-- WHAT YOU WILL DO --
Of all the lines below, return only those starting with the line holding "complex_of_real (p i" and going on through the line holding "0 \<le> c \<Longrightarrow>", exactly as written.

(Stored data)
========================
lemma prefix_rank_extend_decreasing:
  assumes perm: "\<sigma> permutes {1..n}" and j: "n < j" "j \<le> k" and i: "i \<in> {1..j}"
  shows "prefix_rank (extend_decreasing n k \<sigma>) j i = (if i \<le> n then \<sigma> i else n + j + 1 - i)"
proof -
  let ?\<tau> = "extend_decreasing n k \<sigma>"
  have small: "\<sigma> l \<in> {1..n}" if "l \<in> {1..n}" for l
    using permutes_in_image[OF perm] that by blast
  show ?thesis
  proof (cases "i \<le> n")
    case True
    have "l \<in> {1..j} \<and> ?\<tau> l \<le> ?\<tau> i \<longleftrightarrow> l \<in> {1..n} \<and> \<sigma> l \<le> \<sigma> i" for l
    proof (cases "l \<le> n")
      case False
      then have "l \<le> j \<Longrightarrow> ?\<tau> i < ?\<tau> l"
        using small[of i] True i j by (simp add: extend_decreasing_def; arith)
      then show ?thesis using False by auto
    qed (use True j in \<open>auto simp: extend_decreasing_def\<close>)
    then have "{l \<in> {1..j}. ?\<tau> l \<le> ?\<tau> i} = {l \<in> {1..n}. \<sigma> l \<le> \<sigma> i}" by blast
    then have "prefix_rank ?\<tau> j i = prefix_rank \<sigma> n i" unfolding prefix_rank_def by simp
    then show ?thesis using prefix_rank_permutes[OF perm] True i by simp
  next
    case False
    have "l \<in> {1..j} \<and> ?\<tau> l \<le> ?\<tau> i \<longleftrightarrow> l \<in> {1..n} \<union> {i..j}" for l
    proof (cases "l \<le> n")
      case True
      then have "l \<in> {1..n} \<Longrightarrow> ?\<tau> l < ?\<tau> i"
        using small[of l] False i j by (simp add: extend_decreasing_def; arith)
      then show ?thesis using True False i by auto
    next
      case l: False
      then have "l \<le> j \<Longrightarrow> ?\<tau> l \<le> ?\<tau> i \<longleftrightarrow> i \<le> l"
        using False i j by (simp add: extend_decreasing_def; arith)
      then show ?thesis using l False by auto
    qed
    then have "{l \<in> {1..j}. ?\<tau> l \<le> ?\<tau> i} = {1..n} \<union> {i..j}" by blast
    moreover have "card ({1..n} \<union> {i..j}) = n + (j + 1 - i)"
      using False by (subst card_Un_disjoint) auto
    ultimately have "prefix_rank ?\<tau> j i = n + (j + 1 - i)" unfolding prefix_rank_def by argo
    then show ?thesis using False i by auto
  qed
qed

lemma extend_decreasing_in_perms:
  assumes \<sigma>: "\<sigma> \<in> prefix_involutive_perms n" and "n < k"
  shows "extend_decreasing n k \<sigma> \<in> prefix_involutive_perms k"
proof -
  let ?\<tau> = "extend_decreasing n k \<sigma>"
  have perm: "\<sigma> permutes {1..n}" and inv: "prefix_involutive n \<sigma>"
    using \<sigma> unfolding prefix_involutive_perms_def by auto
  have small: "\<sigma> l \<in> {1..n} \<and> \<sigma> (\<sigma> l) = l" if "l \<in> {1..n}" for l
    using permutes_in_image[OF perm] prefix_involutive_involution[OF perm inv] that by blast
  have "?\<tau> permutes {1..k}"
  proof (rule involution_permutes)
    fix x assume "x \<notin> {1..k}"
    then have "x = 0 \<or> k < x" by auto
    then show "?\<tau> x = x"
      using permutes_not_in[OF perm, of 0] \<open>n < k\<close> by (auto simp: extend_decreasing_def)
  next
    fix x assume x: "x \<in> {1..k}"
    show "?\<tau> x \<in> {1..k} \<and> ?\<tau> (?\<tau> x) = x"
    proof (cases "x \<le> n")
      case True
      then show ?thesis using small[of x] x \<open>n < k\<close> by (auto simp: extend_decreasing_def)
    qed (use x in \<open>auto simp: extend_decreasing_def\<close>)
  qed
  moreover have "prefix_involutive k ?\<tau>"
    unfolding prefix_involutive_def
  proof (intro ballI)
    fix j i assume j: "j \<in> {1..k}" and i: "i \<in> {1..j}"
    show "prefix_rank ?\<tau> j (prefix_rank ?\<tau> j i) = i"
    proof (cases "j \<le> n")
      case True
      have "\<forall>l\<in>{1..j}. \<sigma> l = ?\<tau> l" using True by (simp add: extend_decreasing_def)
      moreover have "prefix_involutive j \<sigma>" using prefix_involutive_mono[OF inv True] .
      ultimately have "prefix_involutive j ?\<tau>" by (rule prefix_involutive_cong)
      then show ?thesis using i unfolding prefix_involutive_def by auto
    next
      case False
      then have j': "n < j" "j \<le> k" using j by auto
      note rank = prefix_rank_extend_decreasing[OF perm j']
      show ?thesis
      proof (cases "i \<le> n")
        case True
        then show ?thesis using rank[of i] rank[of "\<sigma> i"] small[of i] i j' by simp
      next
        case False
        moreover have "n + j + 1 - i \<in> {1..j}" "\<not> n + j + 1 - i \<le> n" using False i by auto
        ultimately show ?thesis using rank[of i] rank[of "n + j + 1 - i"] i by auto
      qed
    qed
  qed
  ultimately show ?thesis unfolding prefix_involutive_perms_def by blast
qed

lemma strictly_decreasing_diff:
  fixes f :: "nat \<Rightarrow> nat"
  assumes "\<And>a b. i \<le> a \<Longrightarrow> a < b \<Longrightarrow> b \<le> j \<Longrightarrow> f b < f a" and "i \<le> j"
  shows "f j + (j - i) \<le> f i"
  using assms(2)
proof (induction j rule: dec_induct)
  case (step j)
  then have "f (Suc j) < f j" using assms(1) by simp
  with step.IH show ?case using step.hyps by simp
qed simp

lemma prefix_involutive_perm_tail:
  assumes \<tau>: "\<tau> \<in> prefix_involutive_perms k" and "1 \<le> k" and i: "i \<in> {\<tau> k..k}"
  shows "\<tau> i = k + \<tau> k - i"
proof -
  define m where "m = \<tau> k"
  have perm: "\<tau> permutes {1..k}" and inv: "prefix_involutive k \<tau>"
    using \<tau> unfolding prefix_involutive_perms_def by auto
  have range_in: "\<tau> l \<in> {1..k}" if "l \<in> {1..k}" for l
    using permutes_in_image[OF perm] that by blast
  have m: "m \<in> {1..k}" "\<tau> m = k"
    using range_in[of k] prefix_involutive_involution[OF perm inv, of k] \<open>1 \<le> k\<close>
    by (auto simp: m_def)
  have last_rank: "prefix_rank \<tau> j j = m" if "m \<le> j" "j \<le> k" for j
  proof -
    have "{l \<in> {1..j}. \<tau> l \<le> \<tau> m} = {1..j}" using range_in m that by auto
    then have "prefix_rank \<tau> j m = j" unfolding prefix_rank_def by simp
    moreover have "prefix_rank \<tau> j (prefix_rank \<tau> j m) = m"
      using inv m that unfolding prefix_involutive_def by auto
    ultimately show ?thesis by simp
  qed
  have decreasing: "\<tau> b < \<tau> a" if "m \<le> a" "a < b" "b \<le> k" for a b
    using prefix_rank_self_less[of a b \<tau>] last_rank that by fastforce
  have "\<tau> k + (k - i) \<le> \<tau> i" "\<tau> i + (i - m) \<le> \<tau> m"
    using strictly_decreasing_diff[of _ _ \<tau>] decreasing i by (auto simp: m_def)
  then show ?thesis using m i by (simp add: m_def)
qed

lemma prefix_involutive_perm_decompose:
  assumes \<tau>: "\<tau> \<in> prefix_involutive_perms k" and k: "1 \<le> k"
  obtains n \<sigma> where "n < k" "\<sigma> \<in> prefix_involutive_perms n" "\<tau> = extend_decreasing n k \<sigma>"
proof
  define n where "n = \<tau> k - 1"
  define \<sigma> where "\<sigma> = (\<lambda>x. if x \<le> n then \<tau> x else x)"
  have perm: "\<tau> permutes {1..k}" and inv: "prefix_involutive k \<tau>"
    using \<tau> unfolding prefix_involutive_perms_def by auto
  have "\<tau> k \<in> {1..k}" using permutes_in_image[OF perm] k by simp
  then have n: "n < k" "\<tau> k = n + 1" unfolding n_def by auto
  have tail: "\<tau> x = k + n + 1 - x" if "n < x" "x \<le> k" for x
    using prefix_involutive_perm_tail[OF \<tau> k, of x] n that by simp
  have head: "\<tau> l \<in> {1..n} \<and> \<tau> (\<tau> l) = l" if l: "l \<in> {1..n}" for l
  proof -
    have "\<tau> l \<in> {1..k}" "\<tau> (\<tau> l) = l"
      using permutes_in_image[OF perm] prefix_involutive_involution[OF perm inv] l n by auto
    moreover have "\<tau> l \<le> n"
    proof (rule ccontr)
      assume "\<not> \<tau> l \<le> n"
      then have "\<tau> (\<tau> l) > n" using tail[of "\<tau> l"] \<open>\<tau> l \<in> {1..k}\<close> by auto
      then show False using \<open>\<tau> (\<tau> l) = l\<close> l by simp
    qed
    ultimately show ?thesis by simp
  qed
  have "\<sigma> permutes {1..n}"
  proof (rule involution_permutes)
    fix x assume "x \<notin> {1..n}"
    then have "x = 0 \<or> n < x" by auto
    then show "\<sigma> x = x" using permutes_not_in[OF perm, of 0] by (auto simp: \<sigma>_def)
  qed (use head in \<open>auto simp: \<sigma>_def\<close>)
  moreover have "prefix_involutive n \<sigma>"
    by (rule prefix_involutive_cong[OF _ prefix_involutive_mono[OF inv]]) (use n in \<open>auto simp: \<sigma>_def\<close>)
  ultimately show "\<sigma> \<in> prefix_involutive_perms n" unfolding prefix_involutive_perms_def by blast
  show "\<tau> = extend_decreasing n k \<sigma>"
    using tail permutes_not_in[OF perm] by (auto simp: extend_decreasing_def \<sigma>_def)
  show "n < k" using n by simp
qed

lemma finite_prefix_involutive_perms: "finite (prefix_involutive_perms k)"
  unfolding prefix_involutive_perms_def
  by (rule finite_subset[OF _ finite_permutations[of "{1..k}"]]) auto

lemma prefix_involutive_perms_0: "prefix_involutive_perms 0 = {id}"
  by (simp add: prefix_involutive_perms_def prefix_involutive_def)

lemma prefix_involutive_perms_eq_UNION:
  assumes "1 \<le> k"
  shows "prefix_involutive_perms k = (\<Union>n<k. extend_decreasing n k ` prefix_involutive_perms n)"
proof (intro equalityI subsetI)
  fix \<tau> assume "\<tau> \<in> prefix_involutive_perms k"
  then obtain n \<sigma> where "n < k" "\<sigma> \<in> prefix_involutive_perms n" "\<tau> = extend_decreasing n k \<sigma>"
    using prefix_involutive_perm_decompose assms by blast
  then show "\<tau> \<in> (\<Union>n<k. extend_decreasing n k ` prefix_involutive_perms n)" by blast
qed (use extend_decreasing_in_perms in auto)

lemma inj_on_extend_decreasing: "inj_on (extend_decreasing n k) (prefix_involutive_perms n)"
proof (rule inj_onI)
  fix \<sigma> \<sigma>' assume "\<sigma> \<in> prefix_involutive_perms n" "\<sigma>' \<in> prefix_involutive_perms n"
    and eq: "extend_decreasing n k \<sigma> = extend_decreasing n k \<sigma>'"
  then have "\<sigma> permutes {1..n}" "\<sigma>' permutes {1..n}" unfolding prefix_involutive_perms_def by auto
  show "\<sigma> = \<sigma>'"
  proof
    fix x
    show "\<sigma> x = \<sigma>' x"
    proof (cases "x \<le> n")
      case True
      then show ?thesis using fun_cong[OF eq, of x] by (simp add: extend_decreasing_def)
    next
      case False
      then show ?thesis
        using permutes_not_in[OF \<open>\<sigma> permutes {1..n}\<close>] permutes_not_in[OF \<open>\<sigma>' permutes {1..n}\<close>] by simp
    qed
  qed
qed

lemma card_prefix_involutive_perms_rec:
  assumes "1 \<le> k"
  shows "card (prefix_involutive_perms k) = (\<Sum>n<k. card (prefix_involutive_perms n))"
proof -
  have at_k: "\<forall>\<tau> \<in> extend_decreasing n k ` prefix_involutive_perms n. \<tau> k = n + 1" if "n < k" for n
    using that by (auto simp: extend_decreasing_def)
  have disjoint: "extend_decreasing n k ` prefix_involutive_perms n \<inter>
      extend_decreasing n' k ` prefix_involutive_perms n' = {}" if "n < k" "n' < k" "n \<noteq> n'" for n n'
    unfolding disjoint_iff using at_k[OF that(1)] at_k[OF that(2)] that(3) by (metis add_right_cancel)
  show ?thesis
    unfolding prefix_involutive_perms_eq_UNION[OF assms]
    by (subst card_UN_disjoint)
      (auto simp: disjoint finite_prefix_involutive_perms card_image[OF inj_on_extend_decreasing])
qed

lemma card_prefix_involutive_perms: "card (prefix_involutive_perms (Suc n)) = 2 ^ n"
proof (induction n)
  case 0
  show ?case by (simp add: card_prefix_involutive_perms_rec prefix_involutive_perms_0)
next
  case (Suc n)
  have "card (prefix_involutive_perms (Suc (Suc n))) =
      (\<Sum>m<Suc n. card (prefix_involutive_perms m)) + card (prefix_involutive_perms (Suc n))"
    by (simp add: card_prefix_involutive_perms_rec)
  also have "\<dots> = 2 * card (prefix_involutive_perms (Suc n))"
    by (simp add: card_prefix_involutive_perms_rec[of "Suc n"])
  finally show ?case using Suc.IH by simp
qed
theorem exists_nonvanishing_cycle:
  "\<exists>t. (\<forall>i<n. t i \<in> {0, 1}) \<and> (\<forall>i<n. P i (t i) (P ((i + 1) mod n) (t ((i + 1) mod n)) \<psi>) \<noteq> 0)"
proof (rule ccontr)
  assume "\<not> ?thesis"
  then have no_return: "c \<notin> reach c n" for c
    using closed_walk_imp_assignment by blast
  have return_other: "reach c n = {1 - c}" "P 0 (1 - c) \<psi> \<noteq> 0"
    if c: "c \<in> {0, 1}" "P 0 c \<psi> \<noteq> 0" for c
  proof -
    show "reach c n = {1 - c}"
      using reach_nonempty[OF c] reach_binary[OF c(1), of n] no_return[of c] c(1)
      by (intro nonempty_binary_set_without) auto
    then show "P 0 (1 - c) \<psi> \<noteq> 0"
      using reach_nonzero[OF c(2), of n "1 - c"] by simp
  qed
  have nonzero: "P 0 0 \<psi> \<noteq> 0" "P 0 1 \<psi> \<noteq> 0"
    using return_other[of 0] return_other[of 1] outcomes_distinct[OF n_pos] by auto
  \<comment> \<open>Walks from 0 and from 1 that met would end in reach 0 n \<inter> reach 1 n = {1} \<inter> {0}.\<close>
  have apart: "reach 0 k \<inter> reach 1 k = {}" if "k \<le> n" for k
    using reach_meet_propagates[of 0 k n 1] that nonzero return_other(1)[of 0] return_other(1)[of 1]
    by auto
  have "1 \<in> reach 0 n"
    using return_other(1)[of 0] nonzero by simp
  then have "P (n mod n) 1 \<psi> = P 0 0 \<psi>"
    by (intro separated_walks_preserve_vector[OF nonzero apart]) simp_all
  then show False
    using outcomes_distinct[OF n_pos] by simp
qed

end

section \<open>Quantum behaviours\<close>

lemma projectors_binary_idempotent_cycle:
  assumes "0 < n"
    and proj: "\<forall>i<n. \<forall>a\<in>{0, 1}. projector J (P i a)"
    and compl: "\<forall>i<n. \<forall>x\<in>l2 J. (\<lambda>k. P i 0 x k + P i 1 x k) = x"
    and "\<psi> \<in> l2 J" "\<psi> \<noteq> 0"
  shows "binary_idempotent_cycle n (l2 J) P \<psi>"
proof -
  have lin: "l2_linear J (P i a)" if "i < n" "a \<in> {0, 1}" for i a
    using proj that by (blast intro: bounded_linear_op_imp_l2_linear projector_def[THEN iffD1, THEN conjunct1])
  show ?thesis
  proof
    fix i a :: nat and x
    assume "i < n" "a \<in> {0, 1}" "x \<in> l2 J"
    then show "P i a x \<in> l2 J"
      using lin l2_linear_l2 by blast
  next
    fix i a :: nat and x y
    assume "i < n" "a \<in> {0, 1}" "x \<in> l2 J" "y \<in> l2 J"
    then show "P i a (x + y) = P i a x + P i a y"
      using l2_linear_lincomb[OF lin, of i a x y 1] by (simp add: plus_fun_def)
  next
    fix i a :: nat and x
    assume "i < n" "a \<in> {0, 1}" "x \<in> l2 J"
    then show "P i a (P i a x) = P i a x"
      using proj by (auto simp: projector_def)
  next
    fix i :: nat and x
    assume "i < n" "x \<in> l2 J"
    then show "P i 0 x + P i 1 x = x"
      using compl by (simp add: plus_fun_def)
  qed fact+
qed

theorem corollary3:
  fixes n :: nat and p :: behavior
  assumes "n \<ge> 3" and "quantum_behavior n p"
  shows "\<not> strongly_contextual n p"
proof -
  obtain J \<rho> P where density: "density_op J \<rho>"
    and proj: "\<forall>i<n. \<forall>a\<in>{0,1}. projector J (P i a)"
    and compl: "\<forall>i<n. \<forall>x\<in>l2 J. (\<lambda>k. P i 0 x k + P i 1 x k) = x"
    and commute: "\<forall>i<n. \<forall>a\<in>{0,1}. \<forall>b\<in>{0,1}. \<forall>x\<in>l2 J.
           P i a (P ((i + 1) mod n) b x) = P ((i + 1) mod n) b (P i a x)"
    and prob: "\<forall>i<n. \<forall>x\<in>{0,1}. \<forall>y\<in>{0,1}.
           complex_of_real (p i x y) = trace_op J (\<lambda>v. P i x (P ((i + 1) mod n) y (\<rho> v)))"
    using assms(2) unfolding quantum_behavior_def by blast
  \<comment> \<open>Only \<open>0 < n\<close> is used below: the argument works for every cycle length.\<close>
  interpret density_operator J \<rho>
    using density by unfold_locales
  obtain j0 where "chol j0 \<noteq> 0"
    using chol_nonzero by blast
  interpret binary_idempotent_cycle n "l2 J" P "chol j0"
    using assms(1) proj compl chol_l2 \<open>chol j0 \<noteq> 0\<close> by (intro projectors_binary_idempotent_cycle) auto
  obtain t where t: "\<forall>i<n. t i \<in> {0, 1}"
    and nonvanishing: "\<forall>i<n. P i (t i) (P ((i + 1) mod n) (t ((i + 1) mod n)) (chol j0)) \<noteq> 0"
    using exists_nonvanishing_cycle by blast
  have "p i (t i) (t ((i + 1) mod n)) > 0" if i: "i < n" for i
  proof -
    let ?j = "(i + 1) mod n"
    have j: "?j < n" and a: "t i \<in> {0, 1}" and b: "t ?j \<in> {0, 1}"
      using t i n_pos by auto
    have "Re (trace_op J (\<lambda>v. P i (t i) (P ?j (t ?j) (\<rho> v)))) > 0"
      using proj commute nonvanishing i j a b
      by (intro trace_commuting_projectors_pos[of "P i (t i)" "P ?j (t ?j)" j0]) blast+
    with prob i j a b show ?thesis
      by (metis Re_complex_of_real)
  qed
  with t show ?thesis
    unfolding strongly_contextual_def by blast
qed

end
lemma nn_integral_W_Suc_proportional:
  fixes \<psi> \<phi> :: "real \<Rightarrow> ennreal"
  assumes m: "1 \<le> m" and [measurable]: "\<psi> \<in> borel_measurable borel" "\<phi> \<in> borel_measurable borel"
    and \<kappa>: "0 \<le> \<kappa>"
    and \<phi>_integral: "\<And>c. 0 \<le> c \<Longrightarrow>
      (\<integral>\<^sup>+b. ennreal (exponential_density \<mu> b) * \<phi> (max 0 (b - c)) \<partial>lborel) = ennreal (\<kappa> * exp (- \<mu> * c))"
  shows "(\<integral>\<^sup>+\<omega>. \<psi> (W1 \<omega>) * \<phi> (W (Suc m) \<omega>) \<partial>M)
       = ennreal (\<kappa> * \<alpha>) * (\<integral>\<^sup>+\<omega>. \<psi> (W1 \<omega>) * ennreal (exp (- \<mu> * W m \<omega>)) \<partial>M)"
proof -
  have "(\<integral>\<^sup>+\<omega>. \<psi> (W1 \<omega>) * \<phi> (W (Suc m) \<omega>) \<partial>M)
      = (\<integral>\<^sup>+\<omega>. \<psi> (W1 \<omega>) *
           (\<integral>\<^sup>+b. ennreal (exponential_density \<mu> b) * \<phi> (max 0 (b - (A m \<omega> + W m \<omega>))) \<partial>lborel) \<partial>M)"
    by (rule nn_integral_W_Suc[OF m]) measurable
  also have "\<dots> = (\<integral>\<^sup>+\<omega>. ennreal \<kappa> * (\<psi> (W1 \<omega>) * ennreal (exp (- \<mu> * (A m \<omega> + W m \<omega>)))) \<partial>M)"
    using A_plus_W_nonneg[OF m]
    by (intro nn_integral_cong_AE, eventually_elim) (simp add: \<phi>_integral \<kappa> ennreal_mult mult_ac)
  also have "\<dots> = ennreal \<kappa> * (ennreal \<alpha> * (\<integral>\<^sup>+\<omega>. \<psi> (W1 \<omega>) * ennreal (exp (- \<mu> * W m \<omega>)) \<partial>M))"
    using A_rv[OF m] W1_rv nn_integral_exp_A_plus_W[OF m, of \<psi>] by (simp add: nn_integral_cmult)
  finally show ?thesis by (simp add: \<kappa> ennreal_mult mult.assoc)
qed

lemma nn_integral_mult_W_Suc:
  fixes \<psi> :: "real \<Rightarrow> ennreal"
  assumes m: "1 \<le> m" and [measurable]: "\<psi> \<in> borel_measurable borel"
  shows "(\<integral>\<^sup>+\<omega>. \<psi> (W1 \<omega>) * ennreal (W (Suc m) \<omega>) \<partial>M)
       = ennreal (\<alpha> / \<mu>) * (\<integral>\<^sup>+\<omega>. \<psi> (W1 \<omega>) * ennreal (exp (- \<mu> * W m \<omega>)) \<partial>M)"
  using nn_integral_W_Suc_proportional[OF m, of \<psi> ennreal "1 / \<mu>"] mu_pos
    nn_integral_exponential_density_pos_part_id[OF mu_pos]
  by simp

lemma nn_integral_mult_W_exp_W_Suc:
  fixes \<psi> :: "real \<Rightarrow> ennreal"
  assumes m: "1 \<le> m" and [measurable]: "\<psi> \<in> borel_measurable borel"
  shows "(\<integral>\<^sup>+\<omega>. \<psi> (W1 \<omega>) * ennreal (W (Suc m) \<omega> * exp (- \<mu> * W (Suc m) \<omega>)) \<partial>M)
       = ennreal (\<alpha> / (4 * \<mu>)) * (\<integral>\<^sup>+\<omega>. \<psi> (W1 \<omega>) * ennreal (exp (- \<mu> * W m \<omega>)) \<partial>M)"
  using nn_integral_W_Suc_proportional[OF m, of \<psi> "\<lambda>x. ennreal (x * exp (- \<mu> * x))" "1 / (4 * \<mu>)"] mu_pos
    nn_integral_exponential_density_pos_part_mult_exp[OF mu_pos]
  by simp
========================
-- SOLVED PROBLEM --
           complex_of_real (p i x y) = trace_op J (\<lambda>v. P i x (P ((i + 1) mod n) y (\<rho> v)))"
    using assms(2) unfolding quantum_behavior_def by blast
  \<comment> \<open>Only \<open>0 < n\<close> is used below: the argument works for every cycle length.\<close>
  interpret density_operator J \<rho>
    using density by unfold_locales
  obtain j0 where "chol j0 \<noteq> 0"
    using chol_nonzero by blast
  interpret binary_idempotent_cycle n "l2 J" P "chol j0"
    using assms(1) proj compl chol_l2 \<open>chol j0 \<noteq> 0\<close> by (intro projectors_binary_idempotent_cycle) auto
  obtain t where t: "\<forall>i<n. t i \<in> {0, 1}"
    and nonvanishing: "\<forall>i<n. P i (t i) (P ((i + 1) mod n) (t ((i + 1) mod n)) (chol j0)) \<noteq> 0"
    using exists_nonvanishing_cycle by blast
  have "p i (t i) (t ((i + 1) mod n)) > 0" if i: "i < n" for i
  proof -
    let ?j = "(i + 1) mod n"
    have j: "?j < n" and a: "t i \<in> {0, 1}" and b: "t ?j \<in> {0, 1}"
      using t i n_pos by auto
    have "Re (trace_op J (\<lambda>v. P i (t i) (P ?j (t ?j) (\<rho> v)))) > 0"
      using proj commute nonvanishing i j a b
      by (intro trace_commuting_projectors_pos[of "P i (t i)" "P ?j (t ?j)" j0]) blast+
    with prob i j a b show ?thesis
      by (metis Re_complex_of_real)
  qed
  with t show ?thesis
    unfolding strongly_contextual_def by blast
qed

end
lemma nn_integral_W_Suc_proportional:
  fixes \<psi> \<phi> :: "real \<Rightarrow> ennreal"
  assumes m: "1 \<le> m" and [measurable]: "\<psi> \<in> borel_measurable borel" "\<phi> \<in> borel_measurable borel"
    and \<kappa>: "0 \<le> \<kappa>"
    and \<phi>_integral: "\<And>c. 0 \<le> c \<Longrightarrow>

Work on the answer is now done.